Я притоптываю ногой. Хорошо, что рифмы никакие. В русских народных песнях тоже не в рифмах дело. Я думаю о тебе, Лен, кстати... Тебе скоро пятнадцать, я позвоню, поздравлю, Мясникова.
Неотвязная песня. Прицепится - и целый день будет крутиться в голове. Старые песни туда же. Слушаю бас Шаляпина, в котором и весенние паводки, и острое дребезжание мошки. Я как услышал "Дубинушку" в детстве, так и влюбился. Гундосая песня. Ломает Шаляпин отсыревший сук, сук скрипит, скользят капли на Шаляпина, и шумит, отзываясь, лес:
Уй, дубинушка, ухнем,
Сама пойдет! сама пойдет!
Подернем!
Я прошел по грязной улице и попал в арку. Там стояли двое в дубленках, у черной гигантской машины, молодые дельцы чего-то, зловещая наружность... Переминались. А я вспомнил: "Подернем! Подернем!"

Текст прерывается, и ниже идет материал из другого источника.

(* Let $\alpha\in(0,1)$, $p\in(0,1)$, $\bar p=1-p$, and let $b_p$ denote the Bernoulli distribution $p\delta_1+\bar p\delta_0$. Let $B_{1,1-\alpha}\sim\mathrm{Beta}(1,1-\alpha)$, and let $W$ be a Bernoulli$(p)$ random variable independent of $B_{1,1-\alpha}$ and of $M_{\alpha,1}(b_p)$, with $M_{\alpha,1-\alpha}(b_p)\stackrel{d}{=}B_{1,1-\alpha}M_{\alpha,1}(b_p)+(1-B_{1,1-\alpha})W$. Then conditionally on $W=1$, $M_{\alpha,1-\alpha}(b_p)\stackrel{d}{=}1-B_{1,1-\alpha}M_{\alpha,1}(b_{\bar p})$ (with $B_{1,1-\alpha}$ and $M_{\alpha,1}(b_{\bar p})$ independent), and conditionally on $W=0$, $M_{\alpha,1-\alpha}(b_p)\stackrel{d}{=}B_{1,1-\alpha}M_{\alpha,1}(b_p)$. Equivalently, a density function of $M_{\alpha,1-\alpha}(b_p)$ is $$f_{\alpha,1-\alpha,p}(t)=(1-\alpha)\int_0^1\Big[\bar p\,f_{\alpha,1,p}\Big(\frac tu\Big)+p\,f_{\alpha,1,\bar p}\Big(\frac{1-t}{u}\Big)\Big]u^{-1}(1-u)^{-\alpha}\,du.$$
   Context: $\tilde P_{\alpha,\theta}=\sum_kW_k\delta_{Z_k}$ with $V_k$ independent $\mathrm{Beta}(1-\alpha,\theta+k\alpha)$, $W_1=V_1$, $W_k=V_k\prod_{j<k}(1-V_j)$, $Z_k$ i.i.d. $\eta$ independent of $(V_k)$; $M_{\alpha,\theta}(\eta)=\int x\,\tilde P_{\alpha,\theta}(dx)$. For $q\in(0,1)$, $f_{\alpha,1,q}$ denotes a density of $M_{\alpha,1}(b_q)$ on $(0,1)$, extended by $0$ outside $(0,1)$. *)

theory Defs
  imports "HOL-Probability.Probability"
begin

definition beta_density :: "real \<Rightarrow> real \<Rightarrow> real \<Rightarrow> ennreal" where
  "beta_density a b x =
     (if 0 < x \<and> x < 1 then ennreal (x powr (a - 1) * (1 - x) powr (b - 1) / Beta a b) else 0)"

definition beta_measure :: "real \<Rightarrow> real \<Rightarrow> real measure" where
  "beta_measure a b = density lborel (beta_density a b)"

definition bern :: "real \<Rightarrow> real measure" where
  "bern p = measure_pmf (map_pmf (\<lambda>b. if b then 1 else 0) (bernoulli_pmf p))"

text \<open>Stick-breaking weights: index k :: nat corresponds to the paper's k+1.
  W_k = V_k * prod_{j<k} (1 - V_j).\<close>
definition stick_weight :: "(nat \<Rightarrow> real) \<Rightarrow> nat \<Rightarrow> real" where
  "stick_weight V k = V k * (\<Prod>j<k. 1 - V j)"

text \<open>Law of M_{alpha,theta}(eta) = sum_k W_k Z_k, with (V_k) independent,
  V_k ~ Beta(1-alpha, theta + k alpha) (paper's indexing k >= 1), Z_k iid eta,
  independent of (V_k).\<close>
definition PY_mean_law :: "real \<Rightarrow> real \<Rightarrow> real measure \<Rightarrow> real measure" where
  "PY_mean_law \<alpha> \<theta> \<eta> =
     distr (\<Pi>\<^sub>M k\<in>(UNIV::nat set). beta_measure (1 - \<alpha>) (\<theta> + real (Suc k) * \<alpha>) \<Otimes>\<^sub>M \<eta>)
           borel
           (\<lambda>\<omega>. \<Sum>k. stick_weight (\<lambda>j. fst (\<omega> j)) k * snd (\<omega> k))"

end

theory Submission
  imports Defs
begin
(* Let $p,n,m,N$ be strictly positive integers with $\gcd(n,m)=1$ and $s=\gcd(m,N)>1$; write $m=sm_1$. Let $a_1,\dots,a_N$ be pairwise distinct complex numbers, $\theta_1,\dots,\theta_N\in\mathbb{C}$, $c_1,\dots,c_{p-1}\in\mathbb{C}$, and $\beta_k^{(i)}=\theta_i-\frac{(k-1)n}{m}$ for $k=1,\dots,p$, $i=1,\dots,N$. Let $B^{(1)},\dots,B^{(N)}$ be the upper triangular $p\times p$ matrices with $B^{(i)}_{kk}=\beta_k^{(i)}$, $B^{(i)}_{kl}=0$ if $l<k$ or if $l>k$ and $(l-k)/m_1\notin\mathbb{Z}$, and, if $l>k$ and $(l-k)/m_1\in\mathbb{Z}$, $$B^{(i)}_{kl}=c_{l-k}\sum_{k_1+\dots+k_N+q=N\frac{(l-k)n}{m}}(-1)^q\binom{(l-k)n/m}{k_1}\cdots\binom{(l-k)n/m}{k_N}a_1^{k_1}\cdots a_N^{k_N}a_i^q,$$ the sum being over nonnegative integers $k_1,\dots,k_N,q$. For $j=1,\dots,p-1$ let $$R_j(z)=-\frac{m\,c_j}{jn}\sum_{k_1+\dots+k_N+q=N\frac{jn}{m}}(-1)^q\binom{jn/m}{k_1}\cdots\binom{jn/m}{k_N}a_1^{k_1}\cdots a_N^{k_N}z^q\ \text{ if } j/m_1\in\mathbb{Z},\qquad R_j(z)=0\ \text{ if } j/m_1\notin\mathbb{Z}.$$ Let $D=\mathrm{diag}\big(\prod_{i=1}^N(z-a_i)^{\beta_1^{(i)}},\dots,\prod_{i=1}^N(z-a_i)^{\beta_p^{(i)}}\big)$ and let $M$ be the upper triangular $p\times p$ matrix with $M_{kk}=1$, $M_{kl}=0$ for $l<k$, and for $l>k$ $$M_{kl}=\sum_{q\vdash(l-k)}\prod_{j=1}^{l-k}\frac{R_j^{\sigma_q(j)}}{\sigma_q(j)!}.$$ Then $\Phi=MD$ solves the Fuchsian system $\frac{\mathrm{d}\Phi}{\mathrm{d}z}=\sum_{i=1}^N\frac{B^{(i)}}{z-a_i}\Phi$ on $\mathbb{C}\setminus\{a_1,\dots,a_N\}$.
   Context: Generalized binomial coefficients: $\binom{\beta}{j}=\frac{\beta(\beta-1)\cdots(\beta-j+1)}{j!}$ for $\beta\in\mathbb{R}$, $j\in\mathbb{N}$, and $\binom{\beta}{0}=1$. In the sums over partitions, $q\vdash(l-k)$ ranges over the partitions of the integer $l-k$ and $\sigma_q(j)$ is the number of parts of $q$ equal to $j$. Powers $(z-a_i)^\beta$ are understood via a chosen branch and analytic continuation. *)

theory Defs
  imports "HOL-Analysis.Analysis" "HOL-Library.Multiset"
begin
(* Let $(N,h)$ be a Kähler manifold of complex dimension $n$ and $x_0\in N$. If $S_k(x_0)>0$, then the curvature is BC-$p$ positive at $x_0$ for every $p\ge k$. If $\mathrm{Ric}_k(x_0)$ is $\ell$-positive for some $\ell\le k$, then the curvature is BC-$p$ positive at $x_0$ for every $\ell\le p\le n$.
   Context: $R$ is the curvature tensor (sign convention: Fubini–Study positive), written $R_{v\bar v E\bar E}=R(v,\bar v,E,\bar E)$. The curvature is BC-$p$ positive at $x_0$ if for every unitary orthonormal set $\{E_1,\dots,E_p\}\subset T'_{x_0}N$ there exists $v\in T'_{x_0}N$ with $\sum_{i=1}^pR(v,\bar v,E_i,\bar E_i)>0$. For a $k$-dimensional complex subspace $\Sigma\subset T'_{x_0}N$ with unitary basis $E_1,\dots,E_k$: $S_k(x_0,\Sigma)=\sum_{i,j=1}^kR(E_i,\bar E_i,E_j,\bar E_j)$, and $S_k(x_0)>0$ means $S_k(x_0,\Sigma)>0$ for all such $\Sigma$; $\mathrm{Ric}_k(x_0,\Sigma)(v,\bar v)=\sum_{i=1}^kR(v,\bar v,E_i,\bar E_i)$ for $v\in\Sigma$, a Hermitian form on $\Sigma$. $\mathrm{Ric}_k(x_0)$ is $\ell$-positive if for every $k$-dimensional $\Sigma\subset T'_{x_0}N$ the sum of the $\ell$ smallest eigenvalues of the Hermitian form $\mathrm{Ric}_k(x_0,\Sigma)$ on $\Sigma$ is positive. *)

theory Defs
  imports "Jordan_Normal_Form.Char_Poly" "HOL-Computational_Algebra.Fundamental_Theorem_Algebra"
begin

text \<open>The holomorphic tangent space T'_{x0}N is modelled as
  the space of functions 'n \<Rightarrow> complex (components w.r.t. a fixed h-unitary frame), with
  complex dimension n = CARD('n).  The metric h at x0 in that frame is the standard
  Hermitian product.  The curvature tensor at x0 is given by its components
  Rc i j k l = R(e_i, conj e_j, e_k, conj e_l).\<close>

definition herm :: "('n::finite \<Rightarrow> complex) \<Rightarrow> ('n \<Rightarrow> complex) \<Rightarrow> complex" where
  "herm u v = (\<Sum>i\<in>UNIV. u i * cnj (v i))"

definition curv :: "('n::finite \<Rightarrow> 'n \<Rightarrow> 'n \<Rightarrow> 'n \<Rightarrow> complex)
    \<Rightarrow> ('n \<Rightarrow> complex) \<Rightarrow> ('n \<Rightarrow> complex) \<Rightarrow> ('n \<Rightarrow> complex) \<Rightarrow> ('n \<Rightarrow> complex) \<Rightarrow> complex" where
  "curv Rc X Y Z W = (\<Sum>i\<in>UNIV. \<Sum>j\<in>UNIV. \<Sum>k\<in>UNIV. \<Sum>l\<in>UNIV.
      Rc i j k l * X i * cnj (Y j) * Z k * cnj (W l))"
(* The metric space $(\mathcal M/\!\sim,d_{\mathrm{GH}})$ is a geodesic space: for any $[X],[Y]\in\mathcal M/\!\sim$ there exists a continuous curve $\gamma:[0,1]\to\mathcal M/\!\sim$ with $\gamma(0)=[X]$, $\gamma(1)=[Y]$ and $d_{\mathrm{GH}}(\gamma(s),\gamma(t))=|t-s|\,d_{\mathrm{GH}}([X],[Y])$ for all $s,t\in[0,1]$.
   Context: $\mathcal M$ is the collection of compact metric spaces; $X\sim Y$ iff $X$ and $Y$ are isometric, and $d_{\mathrm{GH}}([X],[Y]):=d_{\mathrm{GH}}(X,Y)$. Here $d_{\mathrm{GH}}(X,Y)=\tfrac12\inf_{R}\operatorname{dis}(R)$, the infimum over all correspondences $R\subseteq X\times Y$ (relations whose projections onto $X$ and $Y$ are surjective), with $\operatorname{dis}(R)=\sup_{(x,y),(x',y')\in R}|d_X(x,x')-d_Y(y,y')|$. *)

theory Defs
  imports "HOL-Analysis.Analysis"
begin

definition compact_metric_space :: "'a set \<Rightarrow> ('a \<Rightarrow> 'a \<Rightarrow> real) \<Rightarrow> bool" where
  "compact_metric_space M d \<longleftrightarrow>
     Metric_space M d \<and> compact_space (Metric_space.mtopology M d) \<and> M \<noteq> {}"

definition isometric :: "'a set \<Rightarrow> ('a \<Rightarrow> 'a \<Rightarrow> real) \<Rightarrow> 'b set \<Rightarrow> ('b \<Rightarrow> 'b \<Rightarrow> real) \<Rightarrow> bool" where
  "isometric X dX Y dY \<longleftrightarrow>
     (\<exists>f. bij_betw f X Y \<and> (\<forall>x\<in>X. \<forall>x'\<in>X. dY (f x) (f x') = dX x x'))"

definition correspondence :: "'a set \<Rightarrow> 'b set \<Rightarrow> ('a \<times> 'b) set \<Rightarrow> bool" where
  "correspondence X Y R \<longleftrightarrow> R \<subseteq> X \<times> Y \<and> fst ` R = X \<and> snd ` R = Y"

definition distortion :: "('a \<Rightarrow> 'a \<Rightarrow> real) \<Rightarrow> ('b \<Rightarrow> 'b \<Rightarrow> real) \<Rightarrow> ('a \<times> 'b) set \<Rightarrow> real" where
  "distortion dX dY R =
     (SUP p \<in> R \<times> R. \<bar>dX (fst (fst p)) (fst (snd p)) - dY (snd (fst p)) (snd (snd p))\<bar>)"

definition GH_dist :: "'a set \<Rightarrow> ('a \<Rightarrow> 'a \<Rightarrow> real) \<Rightarrow> 'b set \<Rightarrow> ('b \<Rightarrow> 'b \<Rightarrow> real) \<Rightarrow> real" where
  "GH_dist X dX Y dY = (1/2) * (INF R \<in> {R. correspondence X Y R}. distortion dX dY R)"

end

theory Submission
  imports Defs
begin

text \<open>
  By compactness of \<open>X\<close> and \<open>Y\<close> (Tychonoff's theorem for pairs of maps \<open>X \<rightarrow> Y\<close>, \<open>Y \<rightarrow> X\<close>)
  the infimum defining \<open>d\<^sub>G\<^sub>H(X, Y)\<close> is attained by a correspondence \<open>R\<close>, which may be taken closed.
  For \<open>0 < t < 1\<close> let \<open>S\<^sub>t\<close> be \<open>R\<close> with the metric \<open>(1 - t) d\<^sub>X + t d\<^sub>Y\<close>, and let \<open>S\<^sub>0 = X\<close>,
  \<open>S\<^sub>1 = Y\<close>. The correspondences induced by \<open>R\<close> give
  \<open>d\<^sub>G\<^sub>H(S\<^sub>s, S\<^sub>t) \<le> |t - s| d\<^sub>G\<^sub>H(X, Y)\<close>, and the triangle inequality
  \<open>d\<^sub>G\<^sub>H(X, Y) \<le> d\<^sub>G\<^sub>H(X, S\<^sub>s) + d\<^sub>G\<^sub>H(S\<^sub>s, S\<^sub>t) + d\<^sub>G\<^sub>H(S\<^sub>t, Y)\<close> forces equality.
  Each \<open>S\<^sub>t\<close> is compact because \<open>R\<close> is closed in the compact space \<open>X \<times> Y\<close>.
\<close>

section \<open>Distortion and the Gromov--Hausdorff distance\<close>

text \<open>The distortion is a supremum of reals, so it is only meaningful for bounded distances.\<close>
definition dist_bounded :: "'a set \<Rightarrow> ('a \<Rightarrow> 'a \<Rightarrow> real) \<Rightarrow> real \<Rightarrow> bool" where
  "dist_bounded X d B \<longleftrightarrow> (\<forall>x\<in>X. \<forall>x'\<in>X. \<bar>d x x'\<bar> \<le> B)"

Один, монголоид, агрессивно сверкнул глазом на меня, я ему ответил тем же. Старинного камня особняк был пропитан весною. Дверь тяжело подалась за золотую ручку. Я вошел, на полу черные лужи, и быстро накрутил три цифры телефона.
- Татьяна? Это Шаргунов. Я обещал вам...
- Счас.
Выскочила женщина в черной блузе, она махнула мне, я пошел за ней. Кабинет, широкий, убеленный табачными дымами, воспаленно горят компьютеры. За одним из них склонился мужчина. Спина в сером свитере.
НО НАСТАЛА ПОРА
Я передал лист. Черноволосая, с черными смородинами глаз, красная змейка лопнувшего сосуда на переносице.
И ПОДНЯЛСЯ НАРОД!
Она держала мой лист на отлете и изучала.
- Но это не то, - сказала она нервно и позвала: - Алик, иди смотри.
Он не сразу встал, а мутно закопошился у себя на стуле, она закурила.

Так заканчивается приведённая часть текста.